Emba’s book offers no examples of healthy open relationships, nor examples of people who actually enjoy what Emba refers to as “problematic” kinks, despite the fact that we do exist. For people recovering from the effects of severe purity culture who want to explore a less strict take on sexuality from a faith-based perspective, a book like Shameless: A Sexual Reformation by Nadia Bolz-Weber might be more helpful. Bolz-Weber writes about freeing yourself from the constraints of purity culture and traditional sexual ethics without the need to leave your faith behind, a concept that has certainly been important for many, myself included.

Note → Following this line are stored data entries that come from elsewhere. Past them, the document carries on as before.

(* Let $n\ge2$, $N\ge1$, $L>0$, $h=L/N$, $\Delta t>0$, and let $b_{ij}>0$ with $b_{ij}=b_{ji}$ for $i\neq j$, $i,j=1,\dots,n$. Let $\rho^k=(\rho^k_1,\dots,\rho^k_n)$ be cell-centered with $\rho^k_{i,\ell}>0$ for all $i,\ell$ and $\sum_{i=1}^n\rho^k_{i,\ell}=1$ for all $\ell$. Then there exists $\delta_0>0$ such that for every $0<\delta\le\delta_0$: an $n$-tuple $\rho^{k+1}$ of cell-centered grid functions with $\rho^{k+1}_{i,\ell}>0$ for all $i,\ell$ is a solution of the scheme (i.e. there is an $n$-tuple $v^{k+1}$ of edge-centered grid functions such that for all $i$ and $\ell$ $$\frac{\rho^{k+1}_{i,\ell}-\rho^k_{i,\ell}}{\Delta t}+\big(d_h(\hat\rho^k_iv^{k+1}_i)\big)_\ell=0,$$ $$-\sum_{j=1}^nb_{ij}\hat\rho^k_{j,\ell+\frac12}\big(v^{k+1}_{i,\ell+\frac12}-v^{k+1}_{j,\ell+\frac12}\big)=\big(D_h\log\rho^{k+1}_i\big)_{\ell+\frac12}-\frac{1}{\sum_{j=1}^n\hat\rho^k_{j,\ell+\frac12}}\sum_{j=1}^n\hat\rho^k_{j,\ell+\frac12}\big(D_h\log\rho^{k+1}_j\big)_{\ell+\frac12},$$ $$\sum_{j=1}^n\hat\rho^k_{j,\ell+\frac12}v^{k+1}_{j,\ell+\frac12}=0\,)$$ if and only if $\rho^{k+1}$ is the $\rho$-component of a minimizer $(\rho,w)$ over the set $K_\delta$ of the functional $$J(\rho,w)=\frac{1}{4\Delta t}\,h\sum_{\ell=1}^N\sum_{i,j=1}^nb_{ij}\hat\rho^k_{i,\ell+\frac12}\hat\rho^k_{j,\ell+\frac12}\big(w_{i,\ell+\frac12}-w_{j,\ell+\frac12}\big)^2+h\sum_{\ell=1}^N\sum_{i=1}^n\rho_{i,\ell}\log\rho_{i,\ell},$$ where $K_\delta$ is the set of pairs $(\rho,w)$, $\rho$ an $n$-tuple of cell-centered and $w$ an $n$-tuple of edge-centered grid functions, such that for all $i=1,\dots,n$ and $\ell=1,\dots,N$: $\rho_{i,\ell}\ge\delta$, $\rho_{i,\ell}-\rho^k_{i,\ell}+\big(d_h(\hat\rho^k_iw_i)\big)_\ell=0$, $\sum_{i=1}^n\hat\rho^k_{i,\ell+\frac12}w_{i,\ell+\frac12}=0$, and $\sum_{i=1}^n\rho_{i,\ell}=1$.
   Context: Grid on the torus $[0,L]$ with $N$ intervals, $h=L/N$: cell-centered grid functions are $N$-periodic sequences $(f_\ell)_{\ell\in\mathbb Z}$ (values at $\ell h$); edge-centered ones are $N$-periodic sequences $(f_{\ell+\frac12})$ (values at $(\ell+\frac12)h$). For edge-centered $\phi$, $(d_h\phi)_\ell=(\phi_{\ell+\frac12}-\phi_{\ell-\frac12})/h$; for cell-centered $f$, $(D_hf)_{\ell+\frac12}=(f_{\ell+1}-f_\ell)/h$ and $\hat f_{\ell+\frac12}=(f_\ell+f_{\ell+1})/2$. Products and logarithms are pointwise; terms with $j=i$ vanish, so $b_{ii}$ plays no role. *)

theory Defs
  imports Complex_Main
begin

(* Grid functions on the torus are N-periodic functions int => real.
   Cell-centered f: f l is the value at l*h.
   Edge-centered phi: phi l is the value at (l+1/2)*h, i.e. phi l = phi_{l+1/2}. *)

definition periodic_grid :: "nat \<Rightarrow> (int \<Rightarrow> real) \<Rightarrow> bool" where
  "periodic_grid N f \<longleftrightarrow> (\<forall>l. f (l + int N) = f l)"

definition d_h :: "real \<Rightarrow> (int \<Rightarrow> real) \<Rightarrow> int \<Rightarrow> real" where
  "d_h h phi l = (phi l - phi (l - 1)) / h"

definition D_h :: "real \<Rightarrow> (int \<Rightarrow> real) \<Rightarrow> int \<Rightarrow> real" where
  "D_h h f l = (f (l + 1) - f l) / h"

definition hat :: "(int \<Rightarrow> real) \<Rightarrow> int \<Rightarrow> real" where
  "hat f l = (f l + f (l + 1)) / 2"

definition scheme_solution ::
  "nat \<Rightarrow> nat \<Rightarrow> real \<Rightarrow> real \<Rightarrow> (nat \<Rightarrow> nat \<Rightarrow> real) \<Rightarrow>
   (nat \<Rightarrow> int \<Rightarrow> real) \<Rightarrow> (nat \<Rightarrow> int \<Rightarrow> real) \<Rightarrow> bool" where
  "scheme_solution n N h dt b rk r \<longleftrightarrow>
    (\<exists>v :: nat \<Rightarrow> int \<Rightarrow> real.
      (\<forall>i\<in>{1..n}. periodic_grid N (v i)) \<and>
      (\<forall>i\<in>{1..n}. \<forall>l::int.
         (r i l - rk i l) / dt + d_h h (\<lambda>m. hat (rk i) m * v i m) l = 0 \<and>
         - (\<Sum>j\<in>{1..n}. b i j * hat (rk j) l * (v i l - v j l))
           = D_h h (\<lambda>m. ln (r i m)) l
             - (1 / (\<Sum>j\<in>{1..n}. hat (rk j) l))
               * (\<Sum>j\<in>{1..n}. hat (rk j) l * D_h h (\<lambda>m. ln (r j m)) l)) \<and>
      (\<forall>l::int. (\<Sum>j\<in>{1..n}. hat (rk j) l * v j l) = 0))"

definition J_fun ::
  "nat \<Rightarrow> nat \<Rightarrow> real \<Rightarrow> real \<Rightarrow> (nat \<Rightarrow> nat \<Rightarrow> real) \<Rightarrow>
   (nat \<Rightarrow> int \<Rightarrow> real) \<Rightarrow> (nat \<Rightarrow> int \<Rightarrow> real) \<Rightarrow> (nat \<Rightarrow> int \<Rightarrow> real) \<Rightarrow> real" where
  "J_fun n N h dt b rk r w =
     1 / (4 * dt) * h * (\<Sum>l\<in>{1..int N}. \<Sum>i\<in>{1..n}. \<Sum>j\<in>{1..n}.
        b i j * hat (rk i) l * hat (rk j) l * (w i l - w j l)^2)
     + h * (\<Sum>l\<in>{1..int N}. \<Sum>i\<in>{1..n}. r i l * ln (r i l))"

definition K_set ::
  "nat \<Rightarrow> nat \<Rightarrow> real \<Rightarrow> real \<Rightarrow> (nat \<Rightarrow> int \<Rightarrow> real) \<Rightarrow>
   ((nat \<Rightarrow> int \<Rightarrow> real) \<times> (nat \<Rightarrow> int \<Rightarrow> real)) set" where
  "K_set n N h \<delta> rk = {(r, w).
     (\<forall>i\<in>{1..n}. periodic_grid N (r i) \<and> periodic_grid N (w i)) \<and>
     (\<forall>i\<in>{1..n}. \<forall>l\<in>{1..int N}.
        r i l \<ge> \<delta> \<and> r i l - rk i l + d_h h (\<lambda>m. hat (rk i) m * w i m) l = 0) \<and>
     (\<forall>l\<in>{1..int N}. (\<Sum>i\<in>{1..n}. hat (rk i) l * w i l) = 0 \<and>
                      (\<Sum>i\<in>{1..n}. r i l) = 1)}"

end

theory Submission
  imports Defs
begin

text \<open>
  Write \<open>\<eta>\<^sub>i = hat (rk i)\<close> for the edge values of the previous step \<open>\<rho>\<^sup>k\<close>.
  \<open>J\<close> is a positive semidefinite quadratic form in \<open>w\<close> (as \<open>b\<^sub>i\<^sub>j > 0\<close>) plus the entropy
  \<open>h \<Sum> \<rho> ln \<rho>\<close>, hence convex, and all constraints of \<open>K\<^sub>\<delta>\<close> except \<open>\<rho> \<ge> \<delta>\<close> are affine.
  Along an admissible direction \<open>(\<sigma>, d)\<close>, i.e. \<open>\<sigma>\<^sub>i = - d\<^sub>h (\<eta>\<^sub>i d\<^sub>i)\<close> and \<open>\<Sum>\<^sub>i \<eta>\<^sub>i d\<^sub>i = 0\<close>,
  summation by parts turns the first variation of \<open>J\<close> into \<open>h \<Sum>\<^sub>\<ell> \<Sum>\<^sub>i \<eta>\<^sub>i d\<^sub>i G\<^sub>i\<close> with
  \<open>G\<^sub>i = D\<^sub>h ln \<rho>\<^sub>i + (1/\<Delta>t) \<Sum>\<^sub>j b\<^sub>i\<^sub>j \<eta>\<^sub>j (w\<^sub>i - w\<^sub>j)\<close>. By convexity, \<open>(\<rho>, w)\<close> is a minimizer
  as soon as \<open>G\<^sub>i\<close> does not depend on \<open>i\<close>; conversely, at a minimizer with \<open>\<rho> > \<delta>\<close>,
  the directions exchanging flux between two species across one edge show that all \<open>G\<^sub>i\<close>
  agree. As \<open>\<Sum>\<^sub>i \<eta>\<^sub>i G\<^sub>i = \<Sum>\<^sub>i \<eta>\<^sub>i D\<^sub>h ln \<rho>\<^sub>i\<close> and \<open>\<Sum>\<^sub>i \<eta>\<^sub>i = 1\<close>, this condition with
  \<open>v = w / \<Delta>t\<close> is exactly the scheme.

  For \<open>\<delta> \<le> \<delta>\<^sub>0\<close> the constraint \<open>\<rho> \<ge> \<delta>\<close> never binds: if some component of \<open>\<rho>\<close> equals
  \<open>a \<le> \<delta>\<^sub>0\<close>, then \<open>((1 - a) \<rho> + a \<rho>\<^sup>k, (1 - a) w)\<close> is admissible with smaller \<open>J\<close>: the
  quadratic part is multiplied by \<open>(1 - a)\<^sup>2\<close>, and by convexity the entropy changes by at most
  \<open>a (n N (- ln m) + (m / 2) ln (2 a)) < 0\<close>, where \<open>m = min \<rho>\<^sup>k\<close>.
\<close>

section \<open>Periodic grid functions\<close>

lemma periodic_grid_shift:
  assumes "periodic_grid N f"
  shows "f (l + int N * k) = f l"
proof (induction k rule: int_induct[where k = 0])
  case (step1 k)
  have "f (l + int N * (k + 1)) = f (l + int N * k + int N)"
    by (simp add: algebra_simps)
  with step1 assms show ?case
    unfolding periodic_grid_def by simp
next
  case (step2 k)
  have "f (l + int N * k) = f (l + int N * (k - 1) + int N)"
    by (simp add: algebra_simps)
  with step2 assms show ?case
    unfolding periodic_grid_def by simp
qed simp

lemma periodic_grid_eqI:
  assumes "0 < N" "periodic_grid N f" "periodic_grid N g"
    and "\<forall>l\<in>{1..int N}. f l = g l"
  shows "f = g"
proof
  fix l
  define l' where "l' = (l - 1) mod int N + 1"
  have "(l - 1) mod int N < int N" "0 \<le> (l - 1) mod int N"
    using \<open>0 < N\<close> by simp_all
  then have "l' \<in> {1..int N}"
    by (simp add: l'_def)
  moreover have "l = l' + int N * ((l - 1) div int N)"
    unfolding l'_def using div_mult_mod_eq[of "l - 1" "int N"] by (simp add: algebra_simps)
  ultimately show "f l = g l"
    using assms periodic_grid_shift[of N f l'] periodic_grid_shift[of N g l'] by metis
qed

lemma grid_mod_eq_iff:
  assumes "l \<in> {1..int N}" "l' \<in> {1..int N}"
  shows "l mod int N = l' mod int N \<longleftrightarrow> l = l'"
proof
  assume "l mod int N = l' mod int N"
  then have "int N dvd l - l'"
    by (simp add: mod_eq_dvd_iff)
  moreover have "\<bar>l - l'\<bar> < int N"
    using assms by auto
  ultimately show "l = l'"
    using dvd_imp_le_int[of "l - l'" "int N"] by fastforce
qed simp

lemma periodic_grid_const: "periodic_grid N (\<lambda>l. c)"
  unfolding periodic_grid_def by simp

lemma periodic_grid_add:
  "periodic_grid N f \<Longrightarrow> periodic_grid N g \<Longrightarrow> periodic_grid N (\<lambda>l. f l + g l)"
  unfolding periodic_grid_def by simp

The way we think about sex certainly needs to change, but I don’t believe that it will change for the better if we take Emba’s advice to completely reject sexual liberation and continue to ignore our own sexual desires around non-monogamy, kink, same-sex couplings, or casual sex when there are people who are engaged in them in a consensual and healthy manner every single day. Because at the end of the day, Emba’s arguments about sexual liberation felt like they could have been solved with self-reflection and good emotional boundaries.

I don’t think we need limitations in order to have good sex. What I do think we need is honest communication, not only with your partner(s), but with yourself, about what you actually want, whether it’s to save sex for marriage or sex that is casual, but respectful. People — including adults — need a comprehensive sex education that centers not only birth control and consent, but also emotional well-being and the ability to advocate for our own wants to others and ourselves. Emba and I agree on that, but we ultimately differ on what constitutes healthy sex. When we’re rethinking sex, I hope we aren’t simply turning back toward a more “woke” form of purity culture.